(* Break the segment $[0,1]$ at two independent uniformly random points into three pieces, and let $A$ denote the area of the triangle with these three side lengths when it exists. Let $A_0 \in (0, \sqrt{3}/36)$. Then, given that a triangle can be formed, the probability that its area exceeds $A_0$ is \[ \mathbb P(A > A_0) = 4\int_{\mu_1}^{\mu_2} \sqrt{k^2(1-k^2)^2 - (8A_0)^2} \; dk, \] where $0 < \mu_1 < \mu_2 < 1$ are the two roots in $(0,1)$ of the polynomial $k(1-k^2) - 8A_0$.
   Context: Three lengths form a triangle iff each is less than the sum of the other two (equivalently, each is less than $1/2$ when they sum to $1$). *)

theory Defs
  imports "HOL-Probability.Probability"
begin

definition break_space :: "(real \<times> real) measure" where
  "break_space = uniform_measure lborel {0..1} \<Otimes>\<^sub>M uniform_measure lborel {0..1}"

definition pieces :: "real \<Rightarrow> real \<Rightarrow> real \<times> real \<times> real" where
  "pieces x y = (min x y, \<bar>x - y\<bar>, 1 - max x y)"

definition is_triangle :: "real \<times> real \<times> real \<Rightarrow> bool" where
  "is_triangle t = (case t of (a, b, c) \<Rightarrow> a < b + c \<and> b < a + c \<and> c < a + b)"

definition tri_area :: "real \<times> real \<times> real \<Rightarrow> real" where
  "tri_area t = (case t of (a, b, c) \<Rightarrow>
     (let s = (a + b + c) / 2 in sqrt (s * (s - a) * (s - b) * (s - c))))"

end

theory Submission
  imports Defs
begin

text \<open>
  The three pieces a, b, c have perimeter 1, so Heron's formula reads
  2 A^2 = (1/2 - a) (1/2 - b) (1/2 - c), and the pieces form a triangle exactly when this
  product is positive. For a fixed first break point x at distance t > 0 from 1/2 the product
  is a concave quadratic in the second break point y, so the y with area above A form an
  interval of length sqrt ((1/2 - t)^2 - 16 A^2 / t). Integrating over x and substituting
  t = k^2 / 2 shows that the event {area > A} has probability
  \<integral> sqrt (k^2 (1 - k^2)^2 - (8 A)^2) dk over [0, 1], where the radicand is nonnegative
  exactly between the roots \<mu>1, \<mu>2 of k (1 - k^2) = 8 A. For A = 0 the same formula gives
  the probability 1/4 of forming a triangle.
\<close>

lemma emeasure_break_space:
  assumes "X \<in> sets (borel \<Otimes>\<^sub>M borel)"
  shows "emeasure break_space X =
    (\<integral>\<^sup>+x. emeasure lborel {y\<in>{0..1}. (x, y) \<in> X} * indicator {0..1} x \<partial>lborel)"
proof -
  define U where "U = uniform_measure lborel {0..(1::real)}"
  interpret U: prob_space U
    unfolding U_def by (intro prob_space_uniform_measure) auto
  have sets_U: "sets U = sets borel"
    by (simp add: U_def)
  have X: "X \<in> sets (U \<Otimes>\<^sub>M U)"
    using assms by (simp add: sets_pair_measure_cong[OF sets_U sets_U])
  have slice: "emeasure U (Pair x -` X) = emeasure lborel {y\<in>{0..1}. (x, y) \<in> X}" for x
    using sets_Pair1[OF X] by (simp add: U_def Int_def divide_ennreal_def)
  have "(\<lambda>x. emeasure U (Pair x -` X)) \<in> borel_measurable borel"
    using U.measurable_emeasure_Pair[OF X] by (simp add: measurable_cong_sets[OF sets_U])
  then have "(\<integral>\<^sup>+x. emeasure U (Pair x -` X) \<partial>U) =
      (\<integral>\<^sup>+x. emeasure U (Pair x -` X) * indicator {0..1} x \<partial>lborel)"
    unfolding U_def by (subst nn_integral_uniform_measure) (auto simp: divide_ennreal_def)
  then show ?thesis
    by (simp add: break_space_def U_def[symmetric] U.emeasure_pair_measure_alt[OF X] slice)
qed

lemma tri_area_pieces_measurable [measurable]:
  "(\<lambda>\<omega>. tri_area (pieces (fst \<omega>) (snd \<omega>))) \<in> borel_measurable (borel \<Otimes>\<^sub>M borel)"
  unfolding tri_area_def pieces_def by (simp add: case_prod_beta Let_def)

AIM OF THE EXERCISE: Locate the word "sqrt" in the entries, and copy every line where it is found.

RESPONSE:
(* Break the segment $[0,1]$ at two independent uniformly random points into three pieces, and let $A$ denote the area of the triangle with these three side lengths when it exists. Let $A_0 \in (0, \sqrt{3}/36)$. Then, given that a triangle can be formed, the probability that its area exceeds $A_0$ is \[ \mathbb P(A > A_0) = 4\int_{\mu_1}^{\mu_2} \sqrt{k^2(1-k^2)^2 - (8A_0)^2} \; dk, \] where $0 < \mu_1 < \mu_2 < 1$ are the two roots in $(0,1)$ of the polynomial $k(1-k^2) - 8A_0$.
     (let s = (a + b + c) / 2 in sqrt (s * (s - a) * (s - b) * (s - c))))"
  interval of length sqrt ((1/2 - t)^2 - 16 A^2 / t). Integrating over x and substituting
  \<integral> sqrt (k^2 (1 - k^2)^2 - (8 A)^2) dk over [0, 1], where the radicand is nonnegative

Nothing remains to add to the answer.